Cadejo Blanco review – compelling performances in slow-burn drug gang thriller

Two sisters go out clubbing. In the loos, they drunkenly argue, and one of them storms out. When she wakes up the next morning, her sister’s bed is unslept in. So begins this slow-burn movie from Guatemala that’s not so much an out-and-out suspense thriller as a character study powered by an outstanding lead performance by Karen Martínez. She plays sensible, level-headed Sarita, whose party girl sister Bea (Pamela Martínez) vanishes. Sarita suspects Bea’s disappearance has something to do with the guy she’s been secretly dating. He’s mixed up in a drug gang.

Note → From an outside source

(* Let $A$ be a synaptic algebra and let $p,q\in P$ be in generic position ($p\wedge q=p\wedge q^{\perp}=p^{\perp}\wedge q=p^{\perp}\wedge q^{\perp}=0$). Let $c:=(pqp+p^{\perp}q^{\perp}p^{\perp})^{1/2}$, $s:=(pq^{\perp}p+p^{\perp}qp^{\perp})^{1/2}$, let $u$, $v$ and $k$ be the symmetries of the polar decompositions of $p-q^{\perp}$, $p-q$ and $pqp^{\perp}+p^{\perp}qp$ respectively, and put $j:=uvp+pvu$. Then: (i) $c^{\circ}=s^{\circ}=(cs)^{\circ}=(csj)^{\circ}=1$; (ii) $uv+vu=0$; (iii) $j=k$.
   Context: Synaptic algebra (Foulis): $R$ is a real linear associative algebra with unit $1$, and $A\subseteq R$ is a real linear subspace with $1\in A$. For $a,b\in A$ write $aCb$ iff $ab=ba$; $C(a):=\{b\in A: aCb\}$; $CC(a):=\{b\in A: bCd \text{ for all } d\in C(a)\}$. $A$ is a synaptic algebra with enveloping algebra $R$ iff: (SA1) $A$ is a partially ordered archimedean real linear space with positive cone $A^+$, $1$ is an order unit, $\|\cdot\|$ the order-unit norm; (SA2) $a\in A\Rightarrow a^2\in A^+$; (SA3) $a,b\in A^+\Rightarrow aba\in A^+$; (SA4) if $a\in A$, $b\in A^+$, $aba=0$ then $ab=ba=0$; (SA5) if $a\in A^+$ there is $b\in A^+\cap CC(a)$ with $b^2=a$; (SA6) for $a\in A$ there is $p=p^2\in A$ with $ab=0\Leftrightarrow pb=0$ for all $b\in A$; (SA7) if $1\le a$ there is $b\in A$ with $ab=ba=1$; (SA8) if $a,b\in A$, $a_1\le a_2\le\cdots$ are pairwise commuting elements of $C(b)$ with $\|a-a_n\|\to0$, then $a\in C(b)$. $A$ is nondegenerate. Products are computed in $R$ ($c$, $s$, $j$ pairwise commute, so $cs,csj\in A$). $P:=\{p\in A:p=p^2\}$ with inherited order is an orthomodular lattice with $p^{\perp}:=1-p$, meet $\wedge$, join $\vee$. For $0\le a$, $a^{1/2}$ is its unique positive square root in $A$, $|a|:=(a^2)^{1/2}$; $a^{\circ}$ is the carrier of $a$ (the unique projection with $ab=0\Leftrightarrow a^{\circ}b=0$ for all $b\in A$). A symmetry is $u\in A$ with $u^2=1$. For $a\in A$, the signum $t$ of $a$ is the partial symmetry with $t^2=a^{\circ}$, $t\in CC(a)$, $a=|a|t=t|a|$; the symmetry of the polar decomposition of $a$ is $t+(a^{\circ})^{\perp}$. *)

theory Defs
  imports Complex_Main
begin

When Sarita reports her sister missing at the local police station, the officer on the front desk barely looks up. Go home and pray, he tells her. Instead, Sarita infiltrates the gang that Bea’s boyfriend Andrés (Rudy Rodríguez) belongs to. The gang boss is the only proper adult in sight; the rest of them barely look old enough to shave. Cadejo Blanco director Justin Lerner spent a year casting non-professionals to play his gang members, and some of his first-time actors have former gang affiliations. They put in impressive performances and give the film a real human quality; gang life here is not all style and bravado; these kids are young and exploited. Their lives have no value, and they know it.

Still, it’s Martínez who shines as Sarita. You can see her visibly toughening up in her new life. Her first test is to pose as a prostitute to attract the attentions of a terrifying gangster in a bar. The way he eyes her up, muscular, perfectly still; he looks like a predator poised to rip apart his prey. Martínez is terrific in these moments, the mask slipping to show flickers of fear. There are a couple of gripping scenes like this, that are hard to look away from, and difficult to watch. But the tension leaks away in the second half; the film could have done with being snipped by a good 20 minutes.